You’re in the lift of a government building in London. It stops and this guy gets in. He’s chatting to someone else which allows you to learn he’s a civil servant who’s just cycled to work from Camberwell. However, he’s wearing full Tour de France clobber: all spandex– tight shirt covered in decals, tight shorts, racing shades perched on top of his head, pink racing shoes with cleats that clack on the floorboards; in one hand he holds his aerodynamic cycle helmet, in the other his aerodynamic back pack with hydration system (well, he certainly wouldn’t want to risk air resistance by carrying the weight in side panniers or waste a valuable micro-second having to take a water bottle out of its holder or simply get off the bike and take a few swigs, or admit that he doesn’t really need a drink for such a short ride into the office). You have to remind yourself: this is someone who is just commuting a few miles to work. The appropriate kit for such a task would be a non-racing bike that can carry weights easily so you don’t have to put your back out doing so; loose clothing that doesn’t make you look like a pratt and therefore become a justifiable target for cycle-hating car drivers; plain glass glasses so you can actually see through smoggy winter London air; and ordinary shoes so you can walk to your desk without looking and sounding like a praying mantis with a ball bearing up its backside.
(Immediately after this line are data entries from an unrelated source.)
lemma walsh_zero_eq_power:
  assumes "b \<noteq> 0"
  shows "\<exists>i\<ge>m. walsh n f b 0 = (- (2 ^ r)) ^ i"
proof -
  obtain S :: int where S: "walsh n f b 0 = 1 + real (2 ^ r + 1) * of_int S"
    using walsh_zero_eq_1_plus_multiple[OF card_vimage_0 card_vimage_nonzero] by blast
  define w :: int where "w = 1 + (2 ^ r + 1) * S"
  have walsh_w: "walsh n f b 0 = of_int w" by (simp add: S w_def)
  have cong: "[w = 1] (mod 2 ^ r + 1)" by (simp add: w_def cong_iff_dvd_diff)
  have "w \<noteq> 0"
  proof
    assume "w = 0"
    with cong have "(2 ^ r + 1 :: int) dvd 1" by (simp add: cong_iff_dvd_diff)
    then show False by simp
  qed
  obtain t where "plateaued_component n f b t"
    using plateaued \<open>b \<noteq> 0\<close> unfolding componentwise_plateaued_def by blast
  moreover have "walsh n f b 0 \<noteq> 0" using \<open>w \<noteq> 0\<close> walsh_w by simp
  ultimately have "(walsh n f b 0)\<^sup>2 = 2 ^ (n + t)"
    by (rule plateaued_component_walsh_square)
  then have "w\<^sup>2 = 2 ^ (n + t)"
    unfolding walsh_w by (metis of_int_eq_iff of_int_numeral of_int_power)
  then obtain j where j: "n + t = 2 * j" and "\<bar>w\<bar> = 2 ^ j"
    using int_square_eq_power_two by blast
  then obtain i where "j = r * i" and w: "w = (- (2 ^ r)) ^ i"
    using abs_eq_power_two_cong_1[OF r_pos cong] by blast
  have "2 * (r * m) \<le> 2 * (r * i)"
    using j \<open>j = r * i\<close> n_eq by (simp only: mult.assoc)
  with r_pos have "m \<le> i" by simp
  with w walsh_w show ?thesis by auto
qed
Now, the question is: does this person believe he’s being an individual by dressing this way? If he does, then he’s almost certainly deluded. It’s far more likely that he’s succumbed to a particular trend, cleverly fuelled by equipment companies who know how to play on his suppressed desires to be ‘different’, to be a contender, to look like a pro.
Does that matter? Well, not if he keeps the delusion to himself. Okay, he will probably irritate a number of other cyclists, either because they’re competing to look the most pro and he’s got a bit of kit they haven’t, or because he’s weaving in and out of traffic and cutting up cyclists who are sane enough to realise commuting isn’t a race. But he isn’t going to impact negatively on anyone else’s development as a serious cyclist.
Okay, here’s where this analogy is going: I want to say something about writers who write articles on how to write. Some writers, at least: the ones I think are doing the equivalent of wearing spandex to commute to work.
There’s a particular tone adopted by quite a few how-to article writing writers. It took me a long time to figure out what it is, other than having a gut feeling it isn’t authentic. I think it goes like this:
STEP ONE: assume position A.
Position A is a wonderful platform woven from organic coconut fronds set at the top of the rain forest. From there, the writer can see everything (well, the tops of every other tree and a few more platforms with other article-writing writers on them at least) and is therefore wise and knowing.
STEP TWO: pretend to assume position B.
Position B is lower than A but still with a fabulous view of all (other writers) below. But because it’s beneath the very top, it allows the writer to adopt a tone of slight self-deprecation and false modesty about the distance he/she still has to go, as well as not being as challengeable as he would be if openly in A. This is a kind of reverse humble-brag, implying that the writer should be at position A but is too modest to say so, thus in one go displaying (fake) humility and protecting himself from any accusation that he’s not actually the top dog.
STEP THREE: disguise position C – where the writer actually is.
Which is where in some ways this blog post begins.
Most writers spend many years waiting to be recognised, to get something published. Probably what they should be doing in the waiting time is working on their craft and producing more stories. But it’s difficult.
It doesn’t help that it’s not only writers and cyclists who adopt this three-step approach to unchallengeable smugness. You encounter it everywhere: in the pub, the office, the gym (I hear) . . . People discuss a topic, assume position A then immediately drop to the tone of position B. Hence the smugness, because they can now discuss every subject on Earth, any of which they have no real knowledge of at all, and in a tone that implies they know everything. And you can’t challenge them because they’re at position B – or at least their tone is saying they are – which is a humble step down from all-knowing.
Where they actually are is in the position of not knowing anything much at all. The shame of it is that this would be the ideal position from which to have a real conversation. Instead of everyone swapping smug pronouncements, they could open up the subject and try to learn something from each other.
Okay, it probably wouldn’t encourage the reading of your article to start by saying, “Actually, I know bugger-all about writing” but it could help if you showed that your real position – C – is not so far above the reader’s but the point is, it is above. Then, you could both open up in the face of sharing reality, instead of the position B tutor protecting his delusion and the would-be tutored feeling they just can’t get hold of what the expert is saying.
The guy in the lift isn’t helping anyone, basically, but he’s going to continue displaying anyway. Some may be desperate enough to believe he knows how to win the Tour de France. They might ask him for advice so they can try to win it too. He might even give it.